The de-rating has started to have some positive side-effects: a much reduced sensitivity to global risk-off periods. Mexican assets held up relatively well during the recent global correction, which is another indication that a lot of pessimism could already be priced in.


Attractive valuations are reassuring and the low sensitivity to the recent market sell-off is also an attractive characteristic. However, what kept Mexico on our watch list was that Erik’s conviction in the medium-term macroeconomic outlook never wavered and that the three headwinds that had hit Mexican asset prices looked temporary rather than structural: NAFTA negotiations, populist candidate Obrador's leading in election polls and cyclical weakness of the economy.

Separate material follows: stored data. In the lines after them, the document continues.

lemma
  assumes "p \<in> polys n" "p \<noteq> 0"
  shows lm_in_keys: "lm ord p \<in> Poly_Mapping.keys p"
    and ord_lm: "k \<in> Poly_Mapping.keys p \<Longrightarrow> ord k (lm ord p)"
    and lm_in_monoms: "lm ord p \<in> monoms n"
proof -
  have keys: "Poly_Mapping.keys p \<subseteq> monoms n" using assms(1) unfolding polys_def by auto
  obtain m where m: "m \<in> Poly_Mapping.keys p" "\<forall>k\<in>Poly_Mapping.keys p. ord k m"
    using exists_ord_max[OF finite_keys _ keys] assms(2) by auto
  then have "lm ord p = m" using lm_eqI[OF keys] by blast
  then show "lm ord p \<in> Poly_Mapping.keys p" "k \<in> Poly_Mapping.keys p \<Longrightarrow> ord k (lm ord p)"
      "lm ord p \<in> monoms n"
    using m keys by auto
qed

lemma lc_nonzero: "p \<in> polys n \<Longrightarrow> p \<noteq> 0 \<Longrightarrow> lc ord p \<noteq> 0"
  unfolding lc_def using lm_in_keys by (simp add: in_keys_iff)

text \<open>A strict descent \<open>a \<prec> b\<close> forces \<open>lookup a k < lookup b k\<close> for some variable \<open>k < n\<close>
  (otherwise \<open>b\<close> would divide \<open>a\<close>), so the strict order is contained in a finite union of
  well-founded relations; being transitive, it is well-founded by Ramsey's theorem.\<close>
lemma wf_strict_ord: "wf {(a, b). a \<in> monoms n \<and> b \<in> monoms n \<and> strict_ord ord a b}"
  (is "wf ?R")
proof (rule trans_disj_wf_implies_wf)
  show "trans ?R"
    by (rule transI) (auto intro: strict_ord_trans)
  have "?R \<subseteq> (\<Union>k<n. inv_image less_than (\<lambda>a. Poly_Mapping.lookup a k))"
  proof safe
    fix a b assume ab: "a \<in> monoms n" "b \<in> monoms n" "strict_ord ord a b"
    then have "\<not> mdvd b a" using mdvd_imp_ord strict_ord_asym by blast
    then obtain k where k: "Poly_Mapping.lookup a k < Poly_Mapping.lookup b k"
      unfolding mdvd_def by (auto simp: not_le)
    then have "k \<in> Poly_Mapping.keys b" by (auto simp: in_keys_iff)
    then have "k < n" using ab(2) unfolding monoms_def by auto
    then show "(a, b) \<in> (\<Union>k<n. inv_image less_than (\<lambda>a. Poly_Mapping.lookup a k))" using k by auto
  qed
  then show "disj_wf ?R"
    unfolding disj_wf by (intro exI[of _ "\<lambda>k. inv_image less_than (\<lambda>a. Poly_Mapping.lookup a k)"] exI) auto
qed

lemma lm_single_mult:
  fixes p :: "'a::semiring_no_zero_divisors mpoly"
  assumes "d \<in> monoms n" "c \<noteq> 0" "p \<in> polys n" "p \<noteq> 0"
  shows "lm ord (Poly_Mapping.single d c * p) = d + lm ord p"
proof (rule lm_eqI)
  have "ord (d + k) (d + lm ord p)" if "k \<in> Poly_Mapping.keys p" for k
    using ord_add_left[OF _ lm_in_monoms[OF assms(3,4)] assms(1) ord_lm[OF assms(3,4) that]]
      that assms(3) unfolding polys_def by auto
  then show "\<forall>k\<in>Poly_Mapping.keys (Poly_Mapping.single d c * p). ord k (d + lm ord p)"
    using keys_single_mult_eq[OF assms(2)] by auto
  show "d + lm ord p \<in> Poly_Mapping.keys (Poly_Mapping.single d c * p)"
    using keys_single_mult_eq[OF assms(2)] lm_in_keys[OF assms(3,4)] by auto
  show "Poly_Mapping.keys (Poly_Mapping.single d c * p) \<subseteq> monoms n"
    using polys_single_mult[OF assms(1,3)] unfolding polys_def by auto
qed

lemma keys_cancel_lead_below:
  fixes p q :: "'a::field mpoly"
  assumes p: "p \<in> polys n" "p \<noteq> 0" and q: "q \<in> polys n" "q \<noteq> 0" and dvd: "mdvd (lm ord q) (lm ord p)"
  defines "p' \<equiv> p - Poly_Mapping.single (lm ord p - lm ord q) (lc ord p / lc ord q) * q"
  shows "k \<in> Poly_Mapping.keys p' \<Longrightarrow> strict_ord ord k (lm ord p)"
proof -
  let ?d = "lm ord p - lm ord q" and ?c = "lc ord p / lc ord q"
  have d: "?d \<in> monoms n" using monoms_diff lm_in_monoms[OF p] by blast
  have c: "?c \<noteq> 0" using lc_nonzero[OF p] lc_nonzero[OF q] by simp
  have shift: "?d + lm ord q = lm ord p" using mdvd_add_diff[OF dvd] by (simp add: add.commute)
  assume k: "k \<in> Poly_Mapping.keys p'"
  consider "k \<in> Poly_Mapping.keys p" | k' where "k' \<in> Poly_Mapping.keys q" "k = ?d + k'"
    using k keys_diff[of p "Poly_Mapping.single ?d ?c * q"] keys_single_mult_eq[OF c]
    unfolding p'_def by blast
  then have "ord k (lm ord p)"
  proof cases
    case 1
    then show ?thesis by (rule ord_lm[OF p])
  next
    case 2
    then show ?thesis
      using ord_add_left[OF _ lm_in_monoms[OF q] d ord_lm[OF q]] q(1) shift
      unfolding polys_def by auto
  qed
  moreover have "Poly_Mapping.lookup p' (lm ord p) = 0"
    using lookup_single_mult_add[of ?d ?c q "lm ord q"] lc_nonzero[OF q]
    by (simp add: p'_def shift lookup_minus lc_def)
  with k have "k \<noteq> lm ord p" by (auto simp: in_keys_iff)
  ultimately show "strict_ord ord k (lm ord p)" unfolding strict_ord_def by blast
qed

section \<open>Gr\<ouml>bner bases of vanishing ideals\<close>

lemma eval_eq_zero_if_keys_in_downset:
  fixes f :: "'a::field mpoly"
  assumes gb: "groebner_basis ord (vanish_ideal n F) G"
    and downset: "\<And>a b. a \<in> monoms n \<Longrightarrow> b \<in> D \<Longrightarrow> ord a b \<Longrightarrow> a \<in> D"
    and G_vanish: "\<And>g. g \<in> G \<Longrightarrow> lm ord g \<in> D \<Longrightarrow> eval_mpoly g h = 0"
  shows "f \<in> vanish_ideal n F \<Longrightarrow> Poly_Mapping.keys f \<subseteq> D \<Longrightarrow> eval_mpoly f h = 0"
  using wf_inv_image[OF wf_strict_ord, of "lm ord"]
proof (induction f rule: wf_induct_rule)
  case (less f)
  show ?case
  proof (cases "f = 0")
    case False
    have f: "f \<in> polys n" using less.prems(1) unfolding vanish_ideal_def by auto
    obtain g where "g \<in> G" and dvd: "mdvd (lm ord g) (lm ord f)"
      using gb less.prems(1) False unfolding groebner_basis_def by blast
    then have g_ideal: "g \<in> vanish_ideal n F" and g: "g \<in> polys n" "g \<noteq> 0"
      using groebner_basis_vanish_idealD[OF gb] by auto
    have "lm ord g \<in> D"
      using downset[OF lm_in_monoms[OF g]] mdvd_imp_ord[OF lm_in_monoms[OF g]
          lm_in_monoms[OF f False] dvd] lm_in_keys[OF f False] less.prems(2) by blast
    then have g_h: "eval_mpoly g h = 0" using G_vanish \<open>g \<in> G\<close> by blast
    define f' where "f' = f - Poly_Mapping.single (lm ord f - lm ord g) (lc ord f / lc ord g) * g"
    have below: "strict_ord ord k (lm ord f)" if "k \<in> Poly_Mapping.keys f'" for k
      using keys_cancel_lead_below[OF f False g dvd] that unfolding f'_def .
    have f'_ideal: "f' \<in> vanish_ideal n F"
      unfolding f'_def using less.prems(1) g_ideal monoms_diff lm_in_monoms[OF f False]
      by (intro vanish_ideal_diff vanish_ideal_single_mult) auto
    then have f'_keys: "Poly_Mapping.keys f' \<subseteq> monoms n" unfolding vanish_ideal_def polys_def by auto
    have "eval_mpoly f' h = 0"
    proof (cases "f' = 0")
      case False
      have "f' \<in> polys n" using f'_ideal unfolding vanish_ideal_def by auto
      then have "(f', f) \<in> inv_image {(a, b). a \<in> monoms n \<and> b \<in> monoms n \<and> strict_ord ord a b} (lm ord)"
        using below lm_in_keys lm_in_monoms False lm_in_monoms[OF f \<open>f \<noteq> 0\<close>] by auto
      moreover have "Poly_Mapping.keys f' \<subseteq> D"
        using below downset f'_keys lm_in_keys[OF f \<open>f \<noteq> 0\<close>] less.prems(2)
        unfolding strict_ord_def by blast
      ultimately show ?thesis using less.IH f'_ideal by blast
    qed simp
    then show ?thesis using g_h by (simp add: f'_def eval_mpoly_diff eval_mpoly_single_mult)
  qed simp
qed
(* Let $d\ge 1$, $q\ge 2$ be integers and let $\mathfrak{X}=H(d,q)$ be the Hamming scheme on $X=\{0,1,\dots,q-1\}^d$, with base vertex $u_0\in X$. Then for every $t=0,1,\dots,d$, \[ \mathrm{Hom}_0(X)+\mathrm{Hom}_1(X)+\cdots+\mathrm{Hom}_t(X)=L_0(X)+L_1(X)+\cdots+L_t(X). \]
   Context: $\mathcal{F}(X)$ denotes the space of real-valued functions on $X$ (identified with $\mathbb{R}^X$). The Hamming scheme $H(d,q)$ has relations $R_r=\{(x,y)\in X\times X : x,y \text{ differ in exactly } r \text{ coordinates}\}$, $r=0,\dots,d$. The shells are $X_r=\{x\in X : (u_0,x)\in R_r\}$. For $z\in X_j$ define $f_z\in\mathcal{F}(X)$ by $f_z(x)=1$ if $x\in X_i$ for some $i\ge j$ and $(x,z)\in R_{i-j}$, and $f_z(x)=0$ otherwise (equivalently, $z$ lies on a geodesic between $u_0$ and $x$ in the Hamming graph). Set $\mathrm{Hom}_j(X)=\mathrm{span}\{f_z : z\in X_j\}$. Let $E_0,\dots,E_d$ be the primitive idempotents of the Bose–Mesner algebra in the $Q$-polynomial ordering, i.e. $E_j$ is the orthogonal projection onto the eigenspace of the adjacency matrix of the Hamming graph (adjacency $=R_1$) for the eigenvalue $(q-1)d-qj$; $L_j(X)$ is the column space of $E_j$. *)

theory Defs
  imports "HOL-Analysis.Analysis" "HOL-Library.Function_Algebras"
begin
lemma det_pow_perturbed_block_columns:
  fixes A v x :: "'a :: comm_ring_1 mat"
  assumes A: "A \<in> carrier_mat n n" and v: "v \<in> carrier_mat n m" and x: "x \<in> carrier_mat m n"
    and deg: "\<And>j. j < n \<Longrightarrow> deg j * m \<le> j" and sel: "\<And>j. j < n \<Longrightarrow> sel j < m"
    and krylov: "\<And>i j. j < n \<Longrightarrow> i < deg j * m \<Longrightarrow> deg i = i div m \<and> sel i = i mod m"
  shows "det (mat n n (\<lambda>(r, j). ((A - v * x + c \<cdot>\<^sub>m 1\<^sub>m n) ^\<^sub>m deg j * v) $$ (r, sel j)))
       = det (mat n n (\<lambda>(r, j). (A ^\<^sub>m deg j * v) $$ (r, sel j)))"
    (is "det ?M' = det ?M")
proof (rule det_add_earlier_columns)
  fix j assume j: "j < n"
  obtain d where d: "\<And>r. r < n \<Longrightarrow>
      ((A - v * x + c \<cdot>\<^sub>m 1\<^sub>m n) ^\<^sub>m deg j * v) $$ (r, sel j) - (A ^\<^sub>m deg j * v) $$ (r, sel j)
      = (\<Sum>l<deg j. \<Sum>t<m. d l t * (A ^\<^sub>m l * v) $$ (r, t))"
    using in_krylov_span_pow_perturbed[OF A v x sel[OF j], of "deg j" c]
    unfolding in_krylov_span_def by blast
  define a where "a i = (if i < deg j * m then d (i div m) (i mod m) else 0)" for i
  have "(\<Sum>i<j. a i * ?M $$ (r, i)) = (\<Sum>l<deg j. \<Sum>t<m. d l t * (A ^\<^sub>m l * v) $$ (r, t))"
    if r: "r < n" for r
  proof -
    have "(\<Sum>i<j. a i * ?M $$ (r, i)) = (\<Sum>i<deg j * m. a i * ?M $$ (r, i))"
      using deg[OF j] by (intro sum.mono_neutral_right) (auto simp: a_def)
    also have "\<dots> = (\<Sum>i<deg j * m. d (i div m) (i mod m) * (A ^\<^sub>m (i div m) * v) $$ (r, i mod m))"
      using deg[OF j] j r krylov[OF j] by (intro sum.cong refl) (simp add: a_def)
    also have "\<dots> = (\<Sum>l<deg j. \<Sum>t<m. d l t * (A ^\<^sub>m l * v) $$ (r, t))"
      by (rule sum_lessThan_mult_div_mod)
    finally show ?thesis .
  qed
  then show "\<exists>a. \<forall>r<n. ?M' $$ (r, j) = ?M $$ (r, j) + (\<Sum>i<j. a i * ?M $$ (r, i))"
    using d j by (intro exI[of _ a]) (simp add: algebra_simps)
qed auto
(* For every $k\in\mathbb{N}$ and every $\alpha\in(0,1)$ there exists $\gamma_0>0$ such that for all $0<\gamma\leq\gamma_0$ the following holds. Let $G$ be a digraph on $n$ vertices and let $G_1,\dots,G_k$ be pairwise edge-disjoint subgraphs of $G$ with $\sum_{i\in[k]}e(G_i)\leq\gamma n^2$ and $\Delta^0(G_i)\leq\alpha n$ for each $i\in[k]$. Then each $G_i$ contains a path system $\mathcal{Q}_i$ such that $\bigcup_{i\in[k]}\mathcal{Q}_i$ contains no directed cycle and $e(\mathcal{Q}_i)\geq\lfloor e(G_i)/(\alpha n)\rfloor$ for all $i\in[k]$.
   Context: A path system in a digraph is a set of vertex-disjoint directed paths, identified with the subgraph formed by their vertices and edges; $e(\mathcal{Q})$ is its number of edges. $\Delta^0(H)$ is the maximum over vertices of the maximum of in- and outdegree in $H$. (The paper states the hypothesis as "$0<\gamma\ll\alpha<1$" with $k$ fixed beforehand, i.e. $\gamma$ sufficiently small in terms of $\alpha$ and $k$.) *)

theory Defs
  imports Main "HOL-Library.Library"
begin

definition digraph :: "'a set \<Rightarrow> ('a \<times> 'a) set \<Rightarrow> bool" where
  "digraph V E \<longleftrightarrow> finite V \<and> E \<subseteq> V \<times> V \<and> (\<forall>v. (v, v) \<notin> E)"

definition outdeg :: "('a \<times> 'a) set \<Rightarrow> 'a \<Rightarrow> nat" where
  "outdeg E v = card {u. (v, u) \<in> E}"

definition indeg :: "('a \<times> 'a) set \<Rightarrow> 'a \<Rightarrow> nat" where
  "indeg E v = card {u. (u, v) \<in> E}"

text \<open>A path system, identified with its edge set: a finite set of edges forming
  vertex-disjoint directed paths, i.e. every vertex has in- and outdegree at most one
  and there is no directed cycle.\<close>
definition path_system :: "('a \<times> 'a) set \<Rightarrow> bool" where
  "path_system Q \<longleftrightarrow> finite Q \<and> acyclic Q \<and>
     (\<forall>v u w. (v, u) \<in> Q \<and> (v, w) \<in> Q \<longrightarrow> u = w) \<and>
     (\<forall>v u w. (u, v) \<in> Q \<and> (w, v) \<in> Q \<longrightarrow> u = w)"

end

theory Submission
  imports Defs
begin
(* Let $\mu>0$, $\alpha>0$, $f(x)=xe^{-x}$, and let $\beta\in L^\infty_+(0,+\infty)$ satisfy $\int_0^{\infty}\beta(a)e^{-\mu a}\,da=1$. Let $a^\star=\sup\{a>0:\int_a^\infty\beta(\sigma)e^{-\mu\sigma}\,d\sigma>0\}\in(0,\infty]$, and let $$\widehat M_0=\Big\{u\in L^1_+(0,\infty):\int_0^{a^\star}u(a)\,da>0\Big\},\qquad \partial\widehat M_0=\Big\{u\in L^1_+(0,\infty):\int_0^{a^\star}u(a)\,da=0\Big\}.$$ For $u_0\in L^1_+(0,\infty)$ let $u(t,\cdot)$ be the solution of $\partial_tu+\partial_au=-\mu u$, $u(t,0)=\alpha f(\int_0^\infty\beta(a)u(t,a)\,da)$, $u(0,\cdot)=u_0$. Then $\widehat M_0$ and $\partial\widehat M_0$ are positively invariant under the semiflow, i.e. $$\int_0^{a^\star}u_0>0\Rightarrow\int_0^{a^\star}u(t,a)\,da>0\ \forall t\ge0,\qquad \int_0^{a^\star}u_0=0\Rightarrow\int_0^{a^\star}u(t,a)\,da=0\ \forall t\ge0.$$ Moreover, if $\int_0^{a^\star}u_0(a)\,da=0$, then $\int_0^\infty\beta(a)u(t,a)\,da=0$ for all $t\ge 0$, the solution is given by $u(t,a)=e^{-\mu t}u_0(a-t)$ if $a\ge t$ and $u(t,a)=0$ if $a\le t$, and hence $\|u(t,\cdot)\|_{L^1}\to 0$ exponentially as $t\to\infty$.
   Context: Solutions are understood in the integrated sense: $u(t,a)=e^{-\mu t}u_0(a-t)$ if $a\ge t$, $u(t,a)=e^{-\mu a}b(t-a)$ if $a\le t$, where $b$ is the unique continuous solution of $b(t)=\alpha f\big(\int_t^\infty\beta(a)e^{-\mu t}u_0(a-t)\,da+\int_0^t\beta(a)e^{-\mu a}b(t-a)\,da\big)$, $t\ge0$. *)

theory Defs
  imports "HOL-Analysis.Analysis"
begin

definition fnl :: "real \<Rightarrow> real" where
  "fnl x = x * exp (- x)"

definition astar :: "(real \<Rightarrow> real) \<Rightarrow> real \<Rightarrow> ereal" where
  "astar \<beta> \<mu> = Sup (ereal ` {a. 0 < a \<and> (LBINT s:{a<..}. \<beta> s * exp (- \<mu> * s)) > 0})"

definition int_astar :: "(real \<Rightarrow> real) \<Rightarrow> real \<Rightarrow> (real \<Rightarrow> real) \<Rightarrow> real" where
  "int_astar \<beta> \<mu> v = (LBINT a:{a. 0 < a \<and> ereal a < astar \<beta> \<mu>}. v a)"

"When the risk on three temporary headwinds started to fade, the value trap started turning into a potential catch-up trade"


So when the risk on all three temporary headwinds started to fade, as Erik discussed in his blog, the value trap started turning into a potential catch-up trade. We accept that short-term risk on all three fronts remains, so view our current position as a first step in building Mexican exposure across asset classes.


I thought long and hard about something to match the Tequila Sunrise theme of Erik’s blog, but my favourite Mexican drink, Horchata, offers slightly less excitement apart from a Vampire Weekend song named after it. The conclusion is the same as in Erik’s blog, though: Look again at Mexico – there's more to it than great cocktails! Bottoms up!